Validating Telephone Numbers

December 13, 2011

When I was a kid, telephones had rotary dials, not push buttons, and exchanges had names; my grandmother was in the Underhill 8 exchange. If you were calling someone in the same exchange as you were, you only had to dial the last four digits of the number. Long distance calling generally involved a human operator.

Modern American telephone numbers have ten digits, segmented as a three-digit area code, a three-digit exchange code, and a four-digit number. Within an area code, you need only dial (the verb hasn’t changed, even though telephones no longer have a dial) the seven-digit exchange code and number; otherwise, you must dial the complete ten-digit number, often with a prefix.

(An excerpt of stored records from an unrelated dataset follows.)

lemma posterior_sqdist_lower_tail:
  assumes d: "summable (\<lambda>j. (theta j - eta j)\<^sup>2)"
    and e: "0 < e" and tau: "\<And>j. 0 < tau j" and K: "1 \<le> K"
    and s: "real m * sigma_max e lam tau m \<le> K * max (bias theta eta m) (sigma_bar e lam tau m)"
    and c: "0 < c" "c < 1 / (8 * K)"
  shows "(\<integral>\<^sup>+Y. emeasure (post_measure e lam eta tau m Y)
      {v \<in> space (post_measure e lam eta tau m Y).
         sqdist2 v theta < (1 - 8 * c * K) * max (bias theta eta m) (sigma_bar e lam tau m)}
      \<partial>data_measure e lam theta) \<le> ennreal (2 * exp (- c\<^sup>2 * real m / 2))"
proof (cases "m = 0")
  case True
  then show ?thesis
    using order_trans[OF nn_integral_post_emeasure_le_1[where tau=tau, OF e tau], of "ennreal 2"] by simp
next
  case False
  define b sb smax where "b = bias theta eta m" and "sb = sigma_bar e lam tau m"
    and "smax = sigma_max e lam tau m"
  define T where "T = (1 - 8 * c * K) * max b sb"
  have smax_pos: "0 < smax" unfolding smax_def using sigma_max_pos[OF e tau] False by simp
  have sb_pos: "0 < sb" unfolding sb_def using sigma_bar_pos[OF e tau] False by simp
  have cK: "8 * c * K < 1" using c K by (simp add: field_simps)
  have b0: "0 \<le> b" unfolding b_def by (rule bias_nonneg[OF d])
  have "\<exists>L\<ge>0. 2 * L * smax \<le> 1 \<and> L * (T - b + (2 * L * smax - 1) * sb) \<le> - c\<^sup>2 * real m / 2"
  proof (cases "sb \<le> b")
    case True
    have b_pos: "0 < b" using True sb_pos by simp
    define L where "L = c * real m / (16 * K * b)"
    have L0: "0 \<le> L" unfolding L_def using c K b_pos by simp
    have "real m * smax \<le> K * b" using s True unfolding b_def sb_def smax_def by simp
    then have "2 * L * smax \<le> c / 8"
      unfolding L_def using b_pos K c by (simp add: field_simps mult_left_mono)
    moreover have "8 * c \<le> 8 * c * K" using mult_left_mono[OF K, of "8 * c"] c by simp
    ultimately have LS: "2 * L * smax \<le> 1" using cK by linarith
    have "L * (T - b + (2 * L * smax - 1) * sb) = L * (T - b) + L * ((2 * L * smax - 1) * sb)"
      by (simp add: algebra_simps)
    also have "\<dots> \<le> L * (T - b)"
      using LS L0 sb_pos by (simp add: mult_nonneg_nonpos mult_nonpos_nonneg)
    also have "\<dots> = - c\<^sup>2 * real m / 2"
      unfolding T_def L_def using True b_pos K by (simp add: field_simps power2_eq_square)
    finally show ?thesis using L0 LS by blast
  next
    case False
    define L where "L = 2 * c * K / smax"
    have L0: "0 \<le> L" unfolding L_def using c K smax_pos by simp
    have LS: "2 * L * smax \<le> 1" unfolding L_def using smax_pos cK by simp
    have "real m * smax \<le> K * sb" using s False unfolding b_def sb_def smax_def by simp
    then have m_le: "real m \<le> K * sb / smax" using smax_pos by (simp add: field_simps)
    have "L * (T - b + (2 * L * smax - 1) * sb) = L * (- 4 * c * K * sb - b)"
      unfolding T_def L_def using False smax_pos by (simp add: field_simps)
    also have "\<dots> \<le> L * (- 4 * c * K * sb)" using L0 b0 by (intro mult_left_mono) auto
    also have "\<dots> = - (8 * c\<^sup>2 * K) * (K * sb / smax)"
      unfolding L_def using smax_pos by (simp add: field_simps power2_eq_square)
    also have "\<dots> \<le> - (8 * c\<^sup>2 * K) * real m"
      using m_le K by (intro mult_left_mono_neg) auto
    also have "\<dots> \<le> - c\<^sup>2 * real m / 2"
    proof -
      have x0: "0 \<le> c\<^sup>2 * real m" by simp
      then have "c\<^sup>2 * real m \<le> K * (c\<^sup>2 * real m)" using mult_right_mono[OF K] by simp
      with x0 have "c\<^sup>2 * real m / 2 \<le> 8 * (K * (c\<^sup>2 * real m))" by linarith
      then show ?thesis by (simp add: algebra_simps)
    qed
    finally show ?thesis using L0 LS by blast
  qed
  then obtain L where L: "0 \<le> L" "2 * L * smax \<le> 1"
    and exponent: "L * (T - b + (2 * L * smax - 1) * sb) \<le> - c\<^sup>2 * real m / 2" by blast
  have "(\<integral>\<^sup>+Y. emeasure (post_measure e lam eta tau m Y)
      {v \<in> space (post_measure e lam eta tau m Y). sqdist2 v theta < T} \<partial>data_measure e lam theta)
    \<le> ennreal (exp (L * (T - b + (2 * L * smax - 1) * sb)))"
    unfolding b_def sb_def
    by (rule nn_integral_post_sqdist_less_le[OF d e tau L(1) _ L(2)])
       (simp add: post_var_le_sigma_max smax_def)
  also have "\<dots> \<le> ennreal (2 * exp (- c\<^sup>2 * real m / 2))"
    using exp_mono[OF exponent] exp_ge_zero[of "- c\<^sup>2 * real m / 2"] by (intro ennreal_leI) linarith
  finally show ?thesis unfolding T_def b_def sb_def by simp
qed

Our exercise today asks you to validate a telephone number, as if written on an input form. Telephone numbers can be written as ten digits, or with dashes, spaces, or dots between the three segments, or with the area code parenthesized; both the area code and any white space between segments are optional. Thus, all of the following are valid telephone numbers: 1234567890, 123-456-7890, 123.456.7890, (123)456-7890, (123) 456-7890 (note the white space following the area code), and 456-7890. The following are not valid telephone numbers: 123-45-6789, 123:4567890, and 123/456-7890.

Your task is to write a phone number validator that follows the rules given above; your function should either return a valid telephone number or an indication that the input is invalid. Be sure to write a proper test suite. When you are finished, you are welcome to read or run a suggested solution, or to post your own solution or discuss the exercise in the comments below.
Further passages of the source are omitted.